К двадцатым годам относится расцвет немецкой кинематографии. Об этом говорит хотя бы одно только перечисление имен: Пауль Вегенер, Конрад Фейдт, Эмиль Яннингс, Вернер Краус, Хенни Портен, Лия де Путти, Лиль Даговер, Марлен Дитрих, славившаяся, кроме таланта, конечно, своими непревзойденной красоты ногами. Помнится, на экранах надписи: «Жена фараона», «Кабинет доктора Калигари». Все воздавали должное режиссеру Любичу, прославившему себя массовыми сценами.
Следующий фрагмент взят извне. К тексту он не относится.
lemma is_subring_polyring: "is_subring (polyring n :: ('k::field) mpoly set)"
  unfolding is_subring_def
proof (intro conjI ballI)
  fix x y :: "'k mpoly" assume "x \<in> polyring n" "y \<in> polyring n"
  then show "x + y \<in> polyring n" "x * y \<in> polyring n" "- x \<in> polyring n"
    using monomial_span_add[of x n "\<lambda>_. True" y]
      monomial_span_mult[of x n "\<lambda>_. True" y "\<lambda>_. True" "\<lambda>_. True"]
    by (simp_all add: monomial_span_True) (simp add: polyring_def)
qed (simp_all add: polyring_def)

lemma is_ideal_monomial_span:
  assumes "\<And>a b. supp_below n a \<Longrightarrow> P b \<Longrightarrow> P (a + b)"
  shows "is_ideal (polyring n) (monomial_span n P :: ('k::field) mpoly set)"
  unfolding is_ideal_def
proof (intro conjI ballI)
  fix r x :: "'k mpoly" assume "r \<in> polyring n" "x \<in> monomial_span n P"
  then show "r * x \<in> monomial_span n P"
    using assms by (intro monomial_span_mult[of r n "\<lambda>_. True" x P]) (simp_all add: monomial_span_True)
qed (simp_all add: monomial_span_add, auto simp: monomial_span_def polyring_def)

lemma keys_monomial: "Poly_Mapping.keys (monomial a :: ('k::field) mpoly) = {Abs_poly_mapping a}"
  unfolding monomial_def by simp

lemma monomial_lookup: "monomial (Poly_Mapping.lookup m) = Poly_Mapping.single m 1"
  unfolding monomial_def by simp

lemma monomial_in_monomial_span_iff:
  assumes a: "supp_below n a"
  shows "monomial a \<in> monomial_span n P \<longleftrightarrow> P a"
  using a by (simp add: mem_monomial_span_iff keys_monomial lookup_Abs_poly_mapping_supp_below[OF a])

lemma monomial_in_polyring: "supp_below n a \<Longrightarrow> monomial a \<in> polyring n"
  using monomial_in_monomial_span_iff[of n a "\<lambda>_. True"] by (simp add: monomial_span_True)

lemma monomial_mult:
  assumes "supp_below n a" "supp_below n b"
  shows "monomial a * monomial b = monomial (a + b)"
proof -
  have "Abs_poly_mapping a + Abs_poly_mapping b = Abs_poly_mapping (a + b)"
    by (rule poly_mapping_eqI)
       (simp add: lookup_add lookup_Abs_poly_mapping_supp_below[OF assms(1)]
         lookup_Abs_poly_mapping_supp_below[OF assms(2)]
         lookup_Abs_poly_mapping_supp_below[OF supp_below_add[OF assms]])
  then show ?thesis unfolding monomial_def mult_single by simp
qed

lemma monomial_power:
  assumes "supp_below n a"
  shows "monomial a ^ k = monomial (\<lambda>i. k * a i)"
proof (induction k)
  case 0
  have "Abs_poly_mapping (\<lambda>_. 0 :: nat) = 0" by (rule poly_mapping_eqI) simp
  then show ?case unfolding monomial_def by simp
next
  case (Suc k)
  have "supp_below n (\<lambda>i. k * a i)" using assms unfolding supp_below_def by simp
  from monomial_mult[OF assms this] show ?case using Suc by (simp add: plus_fun_def)
qed

lemma xpow_eq_monomial: "xpow i e = monomial (0(i := e))"
  unfolding xpow_def monomial_def
  by (rule arg_cong[where f = "\<lambda>x. Poly_Mapping.single x 1"], rule poly_mapping_eqI)
     (simp add: lookup_single when_def)

lemma supp_below_fun_upd_zero: "i < n \<Longrightarrow> supp_below n (0(i := e))"
  unfolding supp_below_def by auto

lemma sum_single_lookup_keys:
  "(\<Sum>m\<in>Poly_Mapping.keys f. Poly_Mapping.single m (Poly_Mapping.lookup f m)) = f" (is "?s = f")
proof (rule poly_mapping_eqI)
  fix k
  have "Poly_Mapping.lookup ?s k = (\<Sum>m\<in>Poly_Mapping.keys f. if m = k then Poly_Mapping.lookup f k else 0)"
    unfolding lookup_sum by (rule sum.cong) (auto simp: lookup_single when_def)
  also have "\<dots> = Poly_Mapping.lookup f k" by (simp add: in_keys_iff)
  finally show "Poly_Mapping.lookup ?s k = Poly_Mapping.lookup f k" .
qed

lemma polyring_sum_of_terms:
  fixes f :: "('k::field) mpoly"
  assumes T: "is_ideal (polyring n) T" and f: "f \<in> polyring n"
    and terms: "\<And>m. m \<in> Poly_Mapping.keys f \<Longrightarrow> monomial (Poly_Mapping.lookup m) \<in> T"
  shows "f \<in> T"
proof -
  have "Poly_Mapping.single m (Poly_Mapping.lookup f m) \<in> T" if "m \<in> Poly_Mapping.keys f" for m
  proof -
    have "Poly_Mapping.single 0 (Poly_Mapping.lookup f m) \<in> polyring n" unfolding polyring_def by simp
    then have "Poly_Mapping.single 0 (Poly_Mapping.lookup f m) * monomial (Poly_Mapping.lookup m) \<in> T"
      using T terms[OF that] unfolding is_ideal_def by blast
    then show ?thesis by (simp add: monomial_lookup mult_single)
  qed
  then show ?thesis using ideal_sum_mem[OF T finite_keys] sum_single_lookup_keys[of f] by metis
qed

section \<open>Weighted degree and integral closure\<close>

lemma lookup_mult_Sum_any:
  "Poly_Mapping.lookup (f * g) k = (\<Sum>(a, b). Poly_Mapping.lookup f a * Poly_Mapping.lookup g b when k = a + b)"
  by transfer (simp add: prod_fun_unfold_prod)

lemma keys_mult_lowest_weight:
  fixes f g :: "('k::idom) mpoly" and W :: "(nat \<Rightarrow>\<^sub>0 nat) \<Rightarrow> real"
  assumes W_add: "\<And>x y. W (x + y) = W x + W y"
    and f_ge: "\<forall>b\<in>Poly_Mapping.keys f. s \<le> W b" and f_eq: "\<exists>b\<in>Poly_Mapping.keys f. W b = s"
    and g_ge: "\<forall>b\<in>Poly_Mapping.keys g. t \<le> W b" and g_eq: "\<exists>b\<in>Poly_Mapping.keys g. W b = t"
  shows "\<exists>c\<in>Poly_Mapping.keys (f * g). W c = s + t"
proof -
  define F where "F = {a \<in> Poly_Mapping.keys f. W a = s}"
  define G where "G = {b \<in> Poly_Mapping.keys g. W b = t}"
  have "finite F" "F \<noteq> {}" "finite G" "G \<noteq> {}"
    using f_eq g_eq unfolding F_def G_def by auto
  \<comment> \<open>Among the monomials of lowest weight take the largest ones in the term order;
    their product cannot be cancelled by any other pair.\<close>
  define a0 where "a0 = Max F"
  define b0 where "b0 = Max G"
  have a0: "a0 \<in> F" "\<And>a. a \<in> F \<Longrightarrow> a \<le> a0" and b0: "b0 \<in> G" "\<And>b. b \<in> G \<Longrightarrow> b \<le> b0"
    using \<open>finite F\<close> \<open>F \<noteq> {}\<close> \<open>finite G\<close> \<open>G \<noteq> {}\<close> unfolding a0_def b0_def by auto
  have unique: "Poly_Mapping.lookup f a * Poly_Mapping.lookup g b = 0"
    if ab: "a0 + b0 = a + b" "(a, b) \<noteq> (a0, b0)" for a b
  proof (rule ccontr)
    assume "Poly_Mapping.lookup f a * Poly_Mapping.lookup g b \<noteq> 0"
    then have a: "a \<in> Poly_Mapping.keys f" and b: "b \<in> Poly_Mapping.keys g" by (auto simp: in_keys_iff)
    have "W a + W b = s + t" using W_add[of a0 b0] W_add[of a b] a0(1) b0(1) ab(1)
      unfolding F_def G_def by simp
    then have "a \<in> F" "b \<in> G" using a b f_ge g_ge unfolding F_def G_def by fastforce+
    then have le: "a \<le> a0" "b \<le> b0" using a0(2) b0(2) by auto
    with ab(2) have "a < a0 \<or> b < b0" by auto
    then have "a + b < a0 + b0" using le by (auto intro: add_less_le_mono add_le_less_mono)
    then show False using ab(1) by simp
  qed
  have "Poly_Mapping.lookup (f * g) (a0 + b0)
      = (\<Sum>ab. Poly_Mapping.lookup f a0 * Poly_Mapping.lookup g b0 when ab = (a0, b0))"
    unfolding lookup_mult_Sum_any
  proof (rule Sum_any.cong)
    fix ab :: "(nat \<Rightarrow>\<^sub>0 nat) \<times> (nat \<Rightarrow>\<^sub>0 nat)"
    show "(case ab of (a, b) \<Rightarrow> Poly_Mapping.lookup f a * Poly_Mapping.lookup g b when a0 + b0 = a + b)
        = (Poly_Mapping.lookup f a0 * Poly_Mapping.lookup g b0 when ab = (a0, b0))"
      using unique by (cases ab) (auto simp: when_def)
  qed
  also have "\<dots> \<noteq> 0" using a0(1) b0(1) unfolding F_def G_def by (simp add: in_keys_iff)
  finally have "a0 + b0 \<in> Poly_Mapping.keys (f * g)" by (simp add: in_keys_iff)
  moreover have "W (a0 + b0) = s + t" using W_add a0(1) b0(1) unfolding F_def G_def by simp
  ultimately show ?thesis by blast
qed

lemma keys_power_lowest_weight:
  fixes r :: "('k::idom) mpoly" and W :: "(nat \<Rightarrow>\<^sub>0 nat) \<Rightarrow> real"
  assumes W_add: "\<And>x y. W (x + y) = W x + W y"
    and r_ge: "\<forall>b\<in>Poly_Mapping.keys r. w \<le> W b" and r_eq: "\<exists>b\<in>Poly_Mapping.keys r. W b = w"
  shows "(\<forall>b\<in>Poly_Mapping.keys (r ^ j). j * w \<le> W b) \<and> (\<exists>b\<in>Poly_Mapping.keys (r ^ j). W b = j * w)"
proof (induction j)
  case 0
  have "W 0 = 0" using W_add[of 0 0] by simp
  then show ?case by simp
next
  case (Suc j)
  have "j * w + w \<le> W b" if b: "b \<in> Poly_Mapping.keys (r ^ j * r)" for b
  proof -
    obtain x y where "b = x + y" "x \<in> Poly_Mapping.keys (r ^ j)" "y \<in> Poly_Mapping.keys r"
      using b keys_mult[of "r ^ j" r] by blast
    then show ?thesis using Suc r_ge W_add by (auto intro: add_mono)
  qed
  moreover have "\<exists>b\<in>Poly_Mapping.keys (r ^ j * r). W b = j * w + w"
    using keys_mult_lowest_weight[OF W_add _ _ r_ge r_eq] Suc by blast
  moreover have "real (Suc j) * w = j * w + w" by (simp add: algebra_simps)
  ultimately show ?case by (simp add: mult.commute)
qed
Иногда в виде развлечения мы ходим в кафе «Ноллендорф». Уж не помню, в этом ли или в каком другом кафе увидела я впервые Эренбурга. Они были давно знакомы с Василевским и остановились поговорить. До чего же он мне не понравился! (Во-первых, почему писатель должен ходить всклокоченным? Можно ведь и причесаться!) А потом разговаривал он «через губу», недружелюбно. Я наблюдала его несколько раз. Ох, не хотела бы я зависеть от этого человека!